__What you need to do__: Search the material below for "open" and copy every line where it occurs.

•••

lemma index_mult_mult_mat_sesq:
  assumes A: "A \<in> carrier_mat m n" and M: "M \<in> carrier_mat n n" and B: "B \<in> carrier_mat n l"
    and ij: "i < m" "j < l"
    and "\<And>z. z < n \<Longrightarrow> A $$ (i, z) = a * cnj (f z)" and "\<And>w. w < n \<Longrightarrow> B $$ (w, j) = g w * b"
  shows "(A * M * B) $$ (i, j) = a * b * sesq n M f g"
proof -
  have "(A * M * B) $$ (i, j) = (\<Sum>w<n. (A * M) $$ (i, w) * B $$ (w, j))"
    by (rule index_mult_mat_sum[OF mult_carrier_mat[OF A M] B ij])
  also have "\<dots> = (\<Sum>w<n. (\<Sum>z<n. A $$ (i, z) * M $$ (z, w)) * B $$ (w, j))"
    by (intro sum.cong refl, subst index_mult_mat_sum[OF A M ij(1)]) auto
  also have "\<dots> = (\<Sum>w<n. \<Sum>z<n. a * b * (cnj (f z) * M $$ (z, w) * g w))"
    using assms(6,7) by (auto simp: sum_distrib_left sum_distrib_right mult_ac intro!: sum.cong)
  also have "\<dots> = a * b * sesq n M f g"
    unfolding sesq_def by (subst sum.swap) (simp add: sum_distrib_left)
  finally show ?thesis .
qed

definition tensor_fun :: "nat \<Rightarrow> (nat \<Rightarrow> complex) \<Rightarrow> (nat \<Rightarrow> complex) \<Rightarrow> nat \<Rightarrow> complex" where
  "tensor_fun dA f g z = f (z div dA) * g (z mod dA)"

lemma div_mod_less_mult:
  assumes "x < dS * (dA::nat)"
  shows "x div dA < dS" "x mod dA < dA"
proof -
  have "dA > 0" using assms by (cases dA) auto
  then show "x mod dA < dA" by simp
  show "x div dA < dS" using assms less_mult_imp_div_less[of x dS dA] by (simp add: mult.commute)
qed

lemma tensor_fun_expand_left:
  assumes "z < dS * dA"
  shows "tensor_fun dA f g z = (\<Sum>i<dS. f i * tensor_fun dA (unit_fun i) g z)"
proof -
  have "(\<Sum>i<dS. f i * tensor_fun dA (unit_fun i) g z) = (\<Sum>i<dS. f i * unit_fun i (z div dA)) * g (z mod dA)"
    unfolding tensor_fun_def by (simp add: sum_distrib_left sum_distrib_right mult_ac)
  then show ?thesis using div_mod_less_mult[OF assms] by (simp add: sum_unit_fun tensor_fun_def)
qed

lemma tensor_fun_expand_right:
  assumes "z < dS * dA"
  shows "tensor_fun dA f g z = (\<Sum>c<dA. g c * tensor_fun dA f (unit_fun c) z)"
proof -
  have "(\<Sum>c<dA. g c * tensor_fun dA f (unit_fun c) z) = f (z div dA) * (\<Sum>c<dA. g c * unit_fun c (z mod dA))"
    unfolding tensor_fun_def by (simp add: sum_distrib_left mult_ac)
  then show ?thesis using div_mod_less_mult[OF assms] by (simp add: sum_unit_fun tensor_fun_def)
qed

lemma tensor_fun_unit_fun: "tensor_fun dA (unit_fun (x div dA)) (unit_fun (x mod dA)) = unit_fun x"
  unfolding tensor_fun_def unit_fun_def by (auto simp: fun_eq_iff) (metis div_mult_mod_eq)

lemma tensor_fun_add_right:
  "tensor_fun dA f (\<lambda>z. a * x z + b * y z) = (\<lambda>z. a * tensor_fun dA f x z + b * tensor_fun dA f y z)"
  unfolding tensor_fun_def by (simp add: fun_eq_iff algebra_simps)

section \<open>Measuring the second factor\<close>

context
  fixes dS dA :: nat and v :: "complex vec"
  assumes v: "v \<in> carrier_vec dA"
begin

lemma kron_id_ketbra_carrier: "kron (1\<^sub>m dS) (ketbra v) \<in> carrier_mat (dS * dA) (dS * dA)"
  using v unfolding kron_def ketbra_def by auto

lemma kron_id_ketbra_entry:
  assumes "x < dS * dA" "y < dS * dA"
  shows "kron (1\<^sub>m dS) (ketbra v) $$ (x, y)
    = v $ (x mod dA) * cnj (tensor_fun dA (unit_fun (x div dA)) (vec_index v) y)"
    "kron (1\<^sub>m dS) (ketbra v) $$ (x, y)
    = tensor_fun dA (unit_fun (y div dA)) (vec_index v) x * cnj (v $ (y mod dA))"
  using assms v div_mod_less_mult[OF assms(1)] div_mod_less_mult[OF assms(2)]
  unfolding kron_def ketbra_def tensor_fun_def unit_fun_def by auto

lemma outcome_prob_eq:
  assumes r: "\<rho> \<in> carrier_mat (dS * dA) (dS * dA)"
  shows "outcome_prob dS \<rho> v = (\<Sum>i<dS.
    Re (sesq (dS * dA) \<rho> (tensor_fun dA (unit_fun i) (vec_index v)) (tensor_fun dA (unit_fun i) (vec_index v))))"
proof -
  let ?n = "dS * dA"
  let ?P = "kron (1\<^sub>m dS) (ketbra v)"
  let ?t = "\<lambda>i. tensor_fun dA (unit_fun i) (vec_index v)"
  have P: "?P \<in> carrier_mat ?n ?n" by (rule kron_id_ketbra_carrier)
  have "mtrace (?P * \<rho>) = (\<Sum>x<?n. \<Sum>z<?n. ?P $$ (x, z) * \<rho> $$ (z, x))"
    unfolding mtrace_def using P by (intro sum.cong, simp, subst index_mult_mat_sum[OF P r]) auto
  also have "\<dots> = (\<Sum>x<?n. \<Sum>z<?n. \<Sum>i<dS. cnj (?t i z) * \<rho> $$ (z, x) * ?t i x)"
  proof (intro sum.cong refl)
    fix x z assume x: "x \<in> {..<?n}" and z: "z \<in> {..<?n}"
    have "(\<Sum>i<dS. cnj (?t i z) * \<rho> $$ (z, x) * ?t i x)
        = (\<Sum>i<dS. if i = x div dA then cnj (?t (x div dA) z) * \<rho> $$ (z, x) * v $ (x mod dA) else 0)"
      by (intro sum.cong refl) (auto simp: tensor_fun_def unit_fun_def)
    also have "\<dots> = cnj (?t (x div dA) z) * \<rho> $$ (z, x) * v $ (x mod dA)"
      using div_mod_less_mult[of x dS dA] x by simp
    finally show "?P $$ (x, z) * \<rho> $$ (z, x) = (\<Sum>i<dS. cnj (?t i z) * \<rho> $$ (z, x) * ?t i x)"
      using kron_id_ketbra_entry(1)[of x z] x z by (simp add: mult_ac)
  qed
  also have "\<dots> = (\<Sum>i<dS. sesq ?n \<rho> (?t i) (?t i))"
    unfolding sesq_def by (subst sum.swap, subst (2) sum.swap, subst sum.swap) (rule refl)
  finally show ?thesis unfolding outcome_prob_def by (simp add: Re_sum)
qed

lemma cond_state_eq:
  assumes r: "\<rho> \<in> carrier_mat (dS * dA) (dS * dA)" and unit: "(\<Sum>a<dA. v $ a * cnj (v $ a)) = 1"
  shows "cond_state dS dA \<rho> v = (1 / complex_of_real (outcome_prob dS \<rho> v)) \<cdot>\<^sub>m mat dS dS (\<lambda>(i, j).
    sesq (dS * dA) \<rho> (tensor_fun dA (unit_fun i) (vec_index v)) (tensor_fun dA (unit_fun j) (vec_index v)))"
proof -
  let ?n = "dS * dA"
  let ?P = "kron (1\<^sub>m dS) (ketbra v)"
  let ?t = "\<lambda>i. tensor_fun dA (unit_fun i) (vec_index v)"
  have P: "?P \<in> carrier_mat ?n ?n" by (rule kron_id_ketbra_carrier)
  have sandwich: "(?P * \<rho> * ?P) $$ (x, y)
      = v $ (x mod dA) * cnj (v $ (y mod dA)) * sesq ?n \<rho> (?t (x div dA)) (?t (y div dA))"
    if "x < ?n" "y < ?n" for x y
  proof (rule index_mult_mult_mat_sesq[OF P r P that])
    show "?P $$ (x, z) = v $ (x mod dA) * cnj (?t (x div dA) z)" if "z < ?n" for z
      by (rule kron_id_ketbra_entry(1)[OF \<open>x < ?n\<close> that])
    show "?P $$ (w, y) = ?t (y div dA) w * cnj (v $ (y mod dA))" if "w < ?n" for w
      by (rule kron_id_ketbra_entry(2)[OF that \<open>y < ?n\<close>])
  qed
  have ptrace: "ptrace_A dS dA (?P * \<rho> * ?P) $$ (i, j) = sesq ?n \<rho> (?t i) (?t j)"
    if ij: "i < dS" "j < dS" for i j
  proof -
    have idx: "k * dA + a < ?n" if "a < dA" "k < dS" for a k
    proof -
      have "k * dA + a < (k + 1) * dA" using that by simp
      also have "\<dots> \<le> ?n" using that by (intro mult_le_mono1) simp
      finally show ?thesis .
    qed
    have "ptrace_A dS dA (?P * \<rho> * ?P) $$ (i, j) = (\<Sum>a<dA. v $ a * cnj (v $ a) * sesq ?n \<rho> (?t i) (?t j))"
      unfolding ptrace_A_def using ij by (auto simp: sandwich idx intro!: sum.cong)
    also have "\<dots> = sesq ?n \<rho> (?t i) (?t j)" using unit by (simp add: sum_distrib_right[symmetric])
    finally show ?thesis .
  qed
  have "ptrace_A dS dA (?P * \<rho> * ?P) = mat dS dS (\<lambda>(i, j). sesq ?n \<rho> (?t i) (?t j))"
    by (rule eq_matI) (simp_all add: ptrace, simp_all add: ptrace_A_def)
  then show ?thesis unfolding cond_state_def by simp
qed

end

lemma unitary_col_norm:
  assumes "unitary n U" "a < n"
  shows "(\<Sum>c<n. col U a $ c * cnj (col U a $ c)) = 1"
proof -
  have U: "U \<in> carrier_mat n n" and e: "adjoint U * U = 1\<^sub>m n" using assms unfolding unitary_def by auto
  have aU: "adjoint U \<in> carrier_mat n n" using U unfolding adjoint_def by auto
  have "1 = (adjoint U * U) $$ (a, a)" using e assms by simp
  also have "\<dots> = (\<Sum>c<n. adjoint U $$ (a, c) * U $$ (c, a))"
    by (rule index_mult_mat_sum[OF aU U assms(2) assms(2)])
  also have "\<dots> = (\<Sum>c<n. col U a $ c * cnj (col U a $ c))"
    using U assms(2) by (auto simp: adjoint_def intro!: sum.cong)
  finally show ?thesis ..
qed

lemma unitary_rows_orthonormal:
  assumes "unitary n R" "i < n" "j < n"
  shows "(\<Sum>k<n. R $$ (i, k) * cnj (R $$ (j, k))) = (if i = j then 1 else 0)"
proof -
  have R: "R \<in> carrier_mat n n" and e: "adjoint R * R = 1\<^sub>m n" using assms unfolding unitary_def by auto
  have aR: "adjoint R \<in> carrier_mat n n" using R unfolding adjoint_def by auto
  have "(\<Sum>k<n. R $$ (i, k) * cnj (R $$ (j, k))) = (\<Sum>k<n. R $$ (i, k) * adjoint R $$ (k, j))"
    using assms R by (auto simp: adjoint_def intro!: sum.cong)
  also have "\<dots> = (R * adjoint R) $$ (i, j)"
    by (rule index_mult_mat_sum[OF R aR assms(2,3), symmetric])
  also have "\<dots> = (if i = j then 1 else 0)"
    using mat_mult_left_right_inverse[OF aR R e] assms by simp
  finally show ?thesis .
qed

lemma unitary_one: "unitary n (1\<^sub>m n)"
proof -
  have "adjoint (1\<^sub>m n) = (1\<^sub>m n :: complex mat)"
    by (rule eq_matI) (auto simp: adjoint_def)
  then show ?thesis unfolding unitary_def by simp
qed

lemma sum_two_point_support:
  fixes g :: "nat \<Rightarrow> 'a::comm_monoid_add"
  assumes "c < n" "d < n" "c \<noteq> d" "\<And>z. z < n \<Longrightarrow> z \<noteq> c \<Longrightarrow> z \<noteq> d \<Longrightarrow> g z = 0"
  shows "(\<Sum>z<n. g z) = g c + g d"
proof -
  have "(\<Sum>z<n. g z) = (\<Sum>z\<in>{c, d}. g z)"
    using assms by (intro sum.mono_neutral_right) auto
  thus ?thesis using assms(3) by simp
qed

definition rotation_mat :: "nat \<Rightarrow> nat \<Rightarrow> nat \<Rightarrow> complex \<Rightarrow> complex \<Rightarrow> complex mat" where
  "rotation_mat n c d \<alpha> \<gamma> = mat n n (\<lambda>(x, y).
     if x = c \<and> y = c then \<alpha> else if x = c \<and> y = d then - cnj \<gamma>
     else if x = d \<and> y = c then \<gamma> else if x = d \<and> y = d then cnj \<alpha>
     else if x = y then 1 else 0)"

•••

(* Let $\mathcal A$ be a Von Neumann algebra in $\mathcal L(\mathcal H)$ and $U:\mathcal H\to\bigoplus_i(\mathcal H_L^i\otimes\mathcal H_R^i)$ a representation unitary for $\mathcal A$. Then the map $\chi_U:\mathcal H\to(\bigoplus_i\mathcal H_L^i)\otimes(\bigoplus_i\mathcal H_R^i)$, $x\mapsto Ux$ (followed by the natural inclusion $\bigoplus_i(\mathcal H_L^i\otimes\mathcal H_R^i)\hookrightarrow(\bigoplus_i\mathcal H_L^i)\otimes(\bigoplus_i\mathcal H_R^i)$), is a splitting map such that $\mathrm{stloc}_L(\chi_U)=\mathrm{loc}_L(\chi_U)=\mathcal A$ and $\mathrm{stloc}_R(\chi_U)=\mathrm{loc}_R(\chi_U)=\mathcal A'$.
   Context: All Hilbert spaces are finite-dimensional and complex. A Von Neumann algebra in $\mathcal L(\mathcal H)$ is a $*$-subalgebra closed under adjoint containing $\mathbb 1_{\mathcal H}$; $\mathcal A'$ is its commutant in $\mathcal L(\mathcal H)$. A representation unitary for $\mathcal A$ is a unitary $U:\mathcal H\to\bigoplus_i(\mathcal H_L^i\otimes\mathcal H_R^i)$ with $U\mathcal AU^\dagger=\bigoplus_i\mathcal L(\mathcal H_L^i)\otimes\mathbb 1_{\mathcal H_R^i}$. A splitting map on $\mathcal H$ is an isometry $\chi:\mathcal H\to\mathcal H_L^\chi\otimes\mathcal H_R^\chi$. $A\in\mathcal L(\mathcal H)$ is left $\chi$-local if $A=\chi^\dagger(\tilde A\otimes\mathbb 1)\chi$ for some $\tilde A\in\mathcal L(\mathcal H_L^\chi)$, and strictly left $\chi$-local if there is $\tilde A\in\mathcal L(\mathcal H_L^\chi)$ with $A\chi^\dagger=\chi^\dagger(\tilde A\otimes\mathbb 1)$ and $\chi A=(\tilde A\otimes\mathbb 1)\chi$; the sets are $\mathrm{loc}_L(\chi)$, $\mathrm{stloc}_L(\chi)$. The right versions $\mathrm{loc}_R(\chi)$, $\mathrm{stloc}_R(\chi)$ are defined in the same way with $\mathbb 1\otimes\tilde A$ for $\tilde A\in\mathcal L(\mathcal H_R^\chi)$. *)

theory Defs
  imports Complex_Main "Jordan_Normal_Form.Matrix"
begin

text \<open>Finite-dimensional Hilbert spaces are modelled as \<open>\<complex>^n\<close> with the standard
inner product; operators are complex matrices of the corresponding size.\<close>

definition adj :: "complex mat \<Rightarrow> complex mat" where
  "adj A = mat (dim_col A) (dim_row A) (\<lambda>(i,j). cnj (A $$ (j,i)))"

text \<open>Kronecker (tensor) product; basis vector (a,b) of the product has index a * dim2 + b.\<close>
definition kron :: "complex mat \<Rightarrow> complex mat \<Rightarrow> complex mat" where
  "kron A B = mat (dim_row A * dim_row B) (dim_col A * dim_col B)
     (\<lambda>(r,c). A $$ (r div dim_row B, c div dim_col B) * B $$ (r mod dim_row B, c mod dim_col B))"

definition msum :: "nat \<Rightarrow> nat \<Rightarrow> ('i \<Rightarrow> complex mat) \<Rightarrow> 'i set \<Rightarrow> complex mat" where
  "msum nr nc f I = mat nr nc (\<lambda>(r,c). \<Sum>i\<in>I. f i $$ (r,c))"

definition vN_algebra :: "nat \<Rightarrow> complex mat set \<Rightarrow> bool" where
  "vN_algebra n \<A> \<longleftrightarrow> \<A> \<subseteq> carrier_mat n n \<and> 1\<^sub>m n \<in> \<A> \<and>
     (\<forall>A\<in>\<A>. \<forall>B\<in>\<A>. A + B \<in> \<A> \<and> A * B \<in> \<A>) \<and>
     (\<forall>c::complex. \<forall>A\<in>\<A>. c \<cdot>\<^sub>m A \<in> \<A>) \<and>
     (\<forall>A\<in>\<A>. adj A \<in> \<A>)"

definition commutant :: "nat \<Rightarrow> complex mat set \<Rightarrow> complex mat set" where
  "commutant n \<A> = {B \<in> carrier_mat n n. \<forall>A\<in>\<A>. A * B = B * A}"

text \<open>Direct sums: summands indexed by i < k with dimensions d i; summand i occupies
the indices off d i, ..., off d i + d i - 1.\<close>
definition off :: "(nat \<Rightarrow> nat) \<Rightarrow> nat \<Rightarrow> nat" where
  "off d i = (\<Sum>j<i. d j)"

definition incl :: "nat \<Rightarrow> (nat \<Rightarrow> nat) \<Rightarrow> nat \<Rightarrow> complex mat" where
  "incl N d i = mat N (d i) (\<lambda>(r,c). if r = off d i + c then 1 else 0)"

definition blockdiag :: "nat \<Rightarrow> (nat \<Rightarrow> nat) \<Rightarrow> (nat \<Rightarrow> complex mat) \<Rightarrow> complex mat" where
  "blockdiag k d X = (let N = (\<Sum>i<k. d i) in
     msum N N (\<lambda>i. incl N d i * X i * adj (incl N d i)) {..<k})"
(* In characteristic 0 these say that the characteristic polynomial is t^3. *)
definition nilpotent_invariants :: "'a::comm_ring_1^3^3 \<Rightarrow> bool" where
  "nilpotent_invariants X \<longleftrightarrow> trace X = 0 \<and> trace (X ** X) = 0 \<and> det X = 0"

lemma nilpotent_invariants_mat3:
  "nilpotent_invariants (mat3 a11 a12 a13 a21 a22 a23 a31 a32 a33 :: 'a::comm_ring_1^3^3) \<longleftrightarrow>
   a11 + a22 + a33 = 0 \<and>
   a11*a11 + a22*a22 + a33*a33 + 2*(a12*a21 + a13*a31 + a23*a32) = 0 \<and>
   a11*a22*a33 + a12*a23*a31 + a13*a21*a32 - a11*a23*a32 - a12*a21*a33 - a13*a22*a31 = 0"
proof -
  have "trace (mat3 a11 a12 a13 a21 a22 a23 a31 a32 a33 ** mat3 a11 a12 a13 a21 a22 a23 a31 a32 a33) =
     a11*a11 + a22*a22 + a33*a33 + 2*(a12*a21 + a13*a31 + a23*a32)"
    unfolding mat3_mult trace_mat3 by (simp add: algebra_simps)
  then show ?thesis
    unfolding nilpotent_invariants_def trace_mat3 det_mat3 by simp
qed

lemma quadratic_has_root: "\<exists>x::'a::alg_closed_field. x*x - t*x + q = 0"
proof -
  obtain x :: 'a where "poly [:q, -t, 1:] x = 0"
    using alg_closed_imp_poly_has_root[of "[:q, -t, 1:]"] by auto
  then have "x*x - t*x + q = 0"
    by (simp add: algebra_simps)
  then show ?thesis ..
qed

•••

__Response below__:
section \<open>Measuring the second factor\<close>
      by (rule kron_id_ketbra_entry(1)[OF \<open>x < ?n\<close> that])
      by (rule kron_id_ketbra_entry(2)[OF that \<open>y < ?n\<close>])
text \<open>Finite-dimensional Hilbert spaces are modelled as \<open>\<complex>^n\<close> with the standard
text \<open>Kronecker (tensor) product; basis vector (a,b) of the product has index a * dim2 + b.\<close>
text \<open>Direct sums: summands indexed by i < k with dimensions d i; summand i occupies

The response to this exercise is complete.